Похороны Антипатра совершены были с небывалою пышностью. Вся семья покойного шла за гробом: вдова Кипра, поддерживаемая Фазаелем, рядом с ними Ирод, Иосиф, Ферор, жена Ирода, Дорида, с юным Антипатром, названным так в честь дедушки, и, наконец, красавица Саломея, любимая дочь Антипатра. Церемонной процессии предшествовали Гиркан в полном траурном облачении и весь состав синедриона.
Малих обставил процессию особенною торжественностью. Воины его гарнизона и встречали, и провожали гроб под звуки заунывной похоронной музыки. Сам Малих горько плакал, опуская вместе с сыновьями покойника его гроб в просторный каменный склеп в глубине Иосафатовой долины.
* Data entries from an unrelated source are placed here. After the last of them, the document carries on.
lemma wirtinger_inequality_subinterval:
  fixes g g' :: "real \<Rightarrow> real"
  assumes "0 < s" "s \<le> t" "t < L"
    and g: "\<And>x. x \<in> {s..t} \<Longrightarrow> (g has_real_derivative g' x) (at x)"
    and "continuous_on {s..t} g'" and "g s = 0" "g t = 0"
  shows "(pi/L)\<^sup>2 * integral {s..t} (\<lambda>x. (g x)\<^sup>2) \<le> integral {s..t} (\<lambda>x. (g' x)\<^sup>2)"
proof -
  define \<nu> where "\<nu> = pi / L"
  have cont_g: "continuous_on {s..t} g"
    using g by (rule has_real_derivative_imp_continuous_on)
  have sin_pos: "sin (\<nu> * x) > 0" if "x \<in> {s..t}" for x
    using that assms by (intro sin_gt_zero) (auto simp: \<nu>_def field_simps)
  \<comment> \<open>Picone's identity for the positive solution \<open>sin (\<nu> x)\<close> of \<open>y'' + \<nu>\<^sup>2 y = 0\<close>.\<close>
  define cot where "cot x = \<nu> * cos (\<nu> * x) / sin (\<nu> * x)" for x
  have "integral {s..t} (\<lambda>x. \<nu>\<^sup>2 * (g x)\<^sup>2) \<le> integral {s..t} (\<lambda>x. (g' x)\<^sup>2)"
  proof (rule integral_le_by_picone_identity
      [where S = "\<lambda>x. cot x * (g x)\<^sup>2" and R = "\<lambda>x. g' x - cot x * g x"])
    fix x assume x: "x \<in> {s..t}"
    have "sin (\<nu> * x) \<noteq> 0" using sin_pos[OF x] by simp
    moreover have "(cos (\<nu> * x))\<^sup>2 = 1 - (sin (\<nu> * x))\<^sup>2"
      by (simp add: cos_squared_eq)
    ultimately show "((\<lambda>x. cot x * (g x)\<^sup>2) has_real_derivative
        (g' x)\<^sup>2 - \<nu>\<^sup>2 * (g x)\<^sup>2 - (g' x - cot x * g x)\<^sup>2) (at x)"
      unfolding cot_def
      by (auto intro!: derivative_eq_intros g x) (simp add: field_simps power2_eq_square)
  next
    show "continuous_on {s..t} (\<lambda>x. g' x - cot x * g x)"
      using sin_pos cont_g \<open>continuous_on {s..t} g'\<close>
      unfolding cot_def by (auto intro!: continuous_intros simp: less_imp_neq[symmetric])
  qed (use assms cont_g in \<open>auto intro!: continuous_intros\<close>)
  then show ?thesis
    by (simp add: \<nu>_def)
qed

definition krylov :: "real \<Rightarrow> nat \<Rightarrow> real \<Rightarrow> real" where
  "krylov m k x = m ^ k *
     (case k mod 4 of
        0 \<Rightarrow> cosh (m * x) - cos (m * x)
      | Suc 0 \<Rightarrow> sinh (m * x) + sin (m * x)
      | Suc (Suc 0) \<Rightarrow> cosh (m * x) + cos (m * x)
      | _ \<Rightarrow> sinh (m * x) - sin (m * x))"

lemma has_real_derivative_krylov: "(krylov m k has_real_derivative krylov m (Suc k) x) (at x)"
proof -
  have "k mod 4 < 4" by simp
  then consider "k mod 4 = 0" | "k mod 4 = 1" | "k mod 4 = 2" | "k mod 4 = 3"
    by linarith
  then show ?thesis
    by cases (auto simp: krylov_def[abs_def] mod_Suc intro!: derivative_eq_intros simp: algebra_simps)
qed

lemma krylov_add_4: "krylov m (k + 4) x = m ^ 4 * krylov m k x"
  by (simp add: krylov_def power_add)

lemma krylov_wronskian:
  "krylov m 0 x * krylov m 4 x - krylov m 3 x * krylov m 1 x = 2 * m ^ 4 * (1 - cos (m * x) * cosh (m * x))"
proof -
  have "krylov m 0 x * krylov m 4 x - krylov m 3 x * krylov m 1 x
      = m ^ 4 * (((cosh (m * x))\<^sup>2 - (sinh (m * x))\<^sup>2) + ((sin (m * x))\<^sup>2 + (cos (m * x))\<^sup>2)
          - 2 * cos (m * x) * cosh (m * x))"
    by (simp add: krylov_def power2_eq_square power_numeral_reduce algebra_simps
        del: sin_cos_squared_add sin_cos_squared_add2 sin_cos_squared_add3)
  then show ?thesis
    by (simp only: hyperbolic_pythagoras sin_cos_squared_add) (simp add: algebra_simps)
qed

lemma krylov_conserved:
  "krylov m 3 x * krylov m 3 x - krylov m 0 x * krylov m 6 x
     + krylov m 1 x * krylov m 5 x - krylov m 4 x * krylov m 2 x = 0"
proof -
  have "krylov m 3 x * krylov m 3 x - krylov m 0 x * krylov m 6 x
      + krylov m 1 x * krylov m 5 x - krylov m 4 x * krylov m 2 x
      = 2 * m ^ 6 * (((sin (m * x))\<^sup>2 + (cos (m * x))\<^sup>2) - ((cosh (m * x))\<^sup>2 - (sinh (m * x))\<^sup>2))"
    by (simp add: krylov_def power2_eq_square power_numeral_reduce algebra_simps
        del: sin_cos_squared_add sin_cos_squared_add2 sin_cos_squared_add3)
  then show ?thesis
    by (simp only: hyperbolic_pythagoras sin_cos_squared_add) (simp add: algebra_simps)
qed

lemma beam_picone_identity:
  fixes \<phi> \<psi> :: "nat \<Rightarrow> real \<Rightarrow> real"
  assumes \<phi>: "\<And>k x. (\<phi> k has_real_derivative \<phi> (Suc k) x) (at x)" "\<phi> 4 x = m ^ 4 * \<phi> 0 x"
    and \<psi>: "\<And>k x. (\<psi> k has_real_derivative \<psi> (Suc k) x) (at x)" "\<psi> 4 x = m ^ 4 * \<psi> 0 x"
    and conserved: "\<psi> 0 x * \<phi> 3 x - \<phi> 0 x * \<psi> 3 x + \<phi> 1 x * \<psi> 2 x - \<psi> 1 x * \<phi> 2 x = 0"
    and f: "(f has_real_derivative f' x) (at x)" "(f' has_real_derivative f'' x) (at x)"
    and c: "(c\<^sub>1 has_real_derivative D\<^sub>1) (at x)" "(c\<^sub>2 has_real_derivative D\<^sub>2) (at x)"
    and U: "open U" "x \<in> U"
      "\<And>y. y \<in> U \<Longrightarrow> f y = c\<^sub>1 y * \<phi> 0 y + c\<^sub>2 y * \<psi> 0 y"
      "\<And>y. y \<in> U \<Longrightarrow> f' y = c\<^sub>1 y * \<phi> 1 y + c\<^sub>2 y * \<psi> 1 y"
  shows "((\<lambda>x. f' x * (c\<^sub>1 x * \<phi> 2 x + c\<^sub>2 x * \<psi> 2 x) - f x * (c\<^sub>1 x * \<phi> 3 x + c\<^sub>2 x * \<psi> 3 x))
      has_real_derivative (f'' x)\<^sup>2 - m ^ 4 * (f x)\<^sup>2 - (f'' x - (c\<^sub>1 x * \<phi> 2 x + c\<^sub>2 x * \<psi> 2 x))\<^sup>2) (at x)"
proof (rule DERIV_cong)
  show "((\<lambda>x. f' x * (c\<^sub>1 x * \<phi> 2 x + c\<^sub>2 x * \<psi> 2 x) - f x * (c\<^sub>1 x * \<phi> 3 x + c\<^sub>2 x * \<psi> 3 x))
      has_real_derivative
        f'' x * (c\<^sub>1 x * \<phi> 2 x + c\<^sub>2 x * \<psi> 2 x)
        + f' x * (D\<^sub>1 * \<phi> 2 x + c\<^sub>1 x * \<phi> 3 x + (D\<^sub>2 * \<psi> 2 x + c\<^sub>2 x * \<psi> 3 x))
        - (f' x * (c\<^sub>1 x * \<phi> 3 x + c\<^sub>2 x * \<psi> 3 x)
           + f x * (D\<^sub>1 * \<phi> 3 x + c\<^sub>1 x * \<phi> 4 x + (D\<^sub>2 * \<psi> 3 x + c\<^sub>2 x * \<psi> 4 x)))) (at x)"
    by (auto intro!: derivative_eq_intros f c \<phi>(1) \<psi>(1) simp: eval_nat_numeral algebra_simps)
  have "f' x = D\<^sub>1 * \<phi> 0 x + c\<^sub>1 x * \<phi> 1 x + (D\<^sub>2 * \<psi> 0 x + c\<^sub>2 x * \<psi> 1 x)"
    by (rule has_real_derivative_unique_on_open[OF f(1) _ U(1,2,3)])
      (auto intro!: derivative_eq_intros c \<phi>(1) \<psi>(1))
  moreover have "f'' x = D\<^sub>1 * \<phi> 1 x + c\<^sub>1 x * \<phi> 2 x + (D\<^sub>2 * \<psi> 1 x + c\<^sub>2 x * \<psi> 2 x)"
    by (rule has_real_derivative_unique_on_open[OF f(2) _ U(1,2,4)])
      (auto intro!: derivative_eq_intros c \<phi>(1) \<psi>(1) simp: eval_nat_numeral)
  ultimately show "f'' x * (c\<^sub>1 x * \<phi> 2 x + c\<^sub>2 x * \<psi> 2 x)
        + f' x * (D\<^sub>1 * \<phi> 2 x + c\<^sub>1 x * \<phi> 3 x + (D\<^sub>2 * \<psi> 2 x + c\<^sub>2 x * \<psi> 3 x))
        - (f' x * (c\<^sub>1 x * \<phi> 3 x + c\<^sub>2 x * \<psi> 3 x)
           + f x * (D\<^sub>1 * \<phi> 3 x + c\<^sub>1 x * \<phi> 4 x + (D\<^sub>2 * \<psi> 3 x + c\<^sub>2 x * \<psi> 4 x)))
      = (f'' x)\<^sup>2 - m ^ 4 * (f x)\<^sup>2 - (f'' x - (c\<^sub>1 x * \<phi> 2 x + c\<^sub>2 x * \<psi> 2 x))\<^sup>2"
    using U(3,4)[OF U(2)] conserved \<phi>(2) \<psi>(2) by algebra
qed

lemma clamped_beam_inequality_of_solution_pair:
  fixes f f' f'' :: "real \<Rightarrow> real" and \<phi> \<psi> :: "nat \<Rightarrow> real \<Rightarrow> real"
  assumes "s \<le> t"
    and \<phi>: "\<And>k x. (\<phi> k has_real_derivative \<phi> (Suc k) x) (at x)" "\<And>x. \<phi> 4 x = m ^ 4 * \<phi> 0 x"
    and \<psi>: "\<And>k x. (\<psi> k has_real_derivative \<psi> (Suc k) x) (at x)" "\<And>x. \<psi> 4 x = m ^ 4 * \<psi> 0 x"
    and conserved: "\<And>x. \<psi> 0 x * \<phi> 3 x - \<phi> 0 x * \<psi> 3 x + \<phi> 1 x * \<psi> 2 x - \<psi> 1 x * \<phi> 2 x = 0"
    and wronskian: "\<And>x. x \<in> {s..t} \<Longrightarrow> \<phi> 0 x * \<psi> 1 x - \<psi> 0 x * \<phi> 1 x \<noteq> 0"
    and f: "\<And>x. x \<in> {s..t} \<Longrightarrow> (f has_real_derivative f' x) (at x)"
      "\<And>x. x \<in> {s..t} \<Longrightarrow> (f' has_real_derivative f'' x) (at x)"
      "continuous_on {s..t} f''"
    and boundary: "f s = 0" "f' s = 0" "f t = 0" "f' t = 0"
  shows "m ^ 4 * integral {s..t} (\<lambda>x. (f x)\<^sup>2) \<le> integral {s..t} (\<lambda>x. (f'' x)\<^sup>2)"
proof -
  have cont: "continuous_on A (\<phi> k)" "continuous_on A (\<psi> k)" for A k
    by (rule has_real_derivative_imp_continuous_on, rule \<phi>(1) \<psi>(1))+
  define W where "W x = \<phi> 0 x * \<psi> 1 x - \<psi> 0 x * \<phi> 1 x" for x
  define U where "U = {x. W x \<noteq> 0}"
  have "open U" "{s..t} \<subseteq> U"
    using wronskian unfolding U_def W_def by (auto intro!: open_Collect_neq continuous_intros cont)
  \<comment> \<open>Variation of constants: \<open>f = c\<^sub>1 \<phi>\<^sub>0 + c\<^sub>2 \<psi>\<^sub>0\<close> and \<open>f' = c\<^sub>1 \<phi>\<^sub>1 + c\<^sub>2 \<psi>\<^sub>1\<close> wherever \<open>W \<noteq> 0\<close>.\<close>
  define c\<^sub>1 where "c\<^sub>1 x = (f x * \<psi> 1 x - f' x * \<psi> 0 x) / W x" for x
  define c\<^sub>2 where "c\<^sub>2 x = (f' x * \<phi> 0 x - f x * \<phi> 1 x) / W x" for x
  have f_eq: "f x = c\<^sub>1 x * \<phi> 0 x + c\<^sub>2 x * \<psi> 0 x" and f'_eq: "f' x = c\<^sub>1 x * \<phi> 1 x + c\<^sub>2 x * \<psi> 1 x"
    if "x \<in> U" for x
    using that by (auto simp: U_def c\<^sub>1_def c\<^sub>2_def field_simps) (simp_all add: W_def algebra_simps)
  define G where "G x = c\<^sub>1 x * \<phi> 2 x + c\<^sub>2 x * \<psi> 2 x" for x
  define S where "S x = f' x * G x - f x * (c\<^sub>1 x * \<phi> 3 x + c\<^sub>2 x * \<psi> 3 x)" for x
  have "integral {s..t} (\<lambda>x. m ^ 4 * (f x)\<^sup>2) \<le> integral {s..t} (\<lambda>x. (f'' x)\<^sup>2)"
  proof (rule integral_le_by_picone_identity[where S = S and R = "\<lambda>x. f'' x - G x"])
    fix x assume x: "x \<in> {s..t}"
    then have "x \<in> U" "W x \<noteq> 0"
      using \<open>{s..t} \<subseteq> U\<close> by (auto simp: U_def)
    have "\<exists>D. (c\<^sub>1 has_real_derivative D) (at x)" "\<exists>D. (c\<^sub>2 has_real_derivative D) (at x)"
      unfolding c\<^sub>1_def[abs_def] c\<^sub>2_def[abs_def] W_def using \<open>W x \<noteq> 0\<close>
      by (auto intro!: exI derivative_eq_intros f x \<phi>(1) \<psi>(1) simp: W_def)
    then obtain D\<^sub>1 D\<^sub>2 where D: "(c\<^sub>1 has_real_derivative D\<^sub>1) (at x)" "(c\<^sub>2 has_real_derivative D\<^sub>2) (at x)"
      by blast
    show "(S has_real_derivative (f'' x)\<^sup>2 - m ^ 4 * (f x)\<^sup>2 - (f'' x - G x)\<^sup>2) (at x)"
      unfolding S_def[abs_def] G_def
      by (rule beam_picone_identity[where D\<^sub>1 = D\<^sub>1 and D\<^sub>2 = D\<^sub>2 and U = U])
        (fact \<phi> \<psi> conserved f(1)[OF x] f(2)[OF x] D \<open>open U\<close> \<open>x \<in> U\<close> f_eq f'_eq)+
  next
    have "continuous_on {s..t} f" "continuous_on {s..t} f'"
      by (rule has_real_derivative_imp_continuous_on, rule f(1) f(2), assumption)+
    then have "continuous_on {s..t} c\<^sub>1" "continuous_on {s..t} c\<^sub>2"
      using \<open>{s..t} \<subseteq> U\<close> unfolding c\<^sub>1_def c\<^sub>2_def U_def
      by (auto intro!: continuous_intros cont simp: W_def)
    then show "continuous_on {s..t} (\<lambda>x. f'' x - G x)"
      unfolding G_def by (intro continuous_intros cont f(3))
  qed (use assms in \<open>auto intro!: continuous_intros has_real_derivative_imp_continuous_on[OF f(1)] simp: S_def\<close>)
  then show ?thesis
    by (simp add: integral_mult_right)
qed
Ирод видел эти слезы, и тем более в душе его укреплялась решимость жесточайшей мести, о которой он даже матери и братьям не говорил ни слова.
На другой день после похорон он уехал в Галилею, а оттуда в Тир, где его ждал Кассий, готовясь к войне с Антонием. Узнав о трагической кончине Антипатра и о том, от чего последовала его смерть, Кассий одобрил решение Ирода относительно мщения Малиху и приказал вызвать в Тир как этого последнего, так и Гиркана, для совещания о делах Иудеи.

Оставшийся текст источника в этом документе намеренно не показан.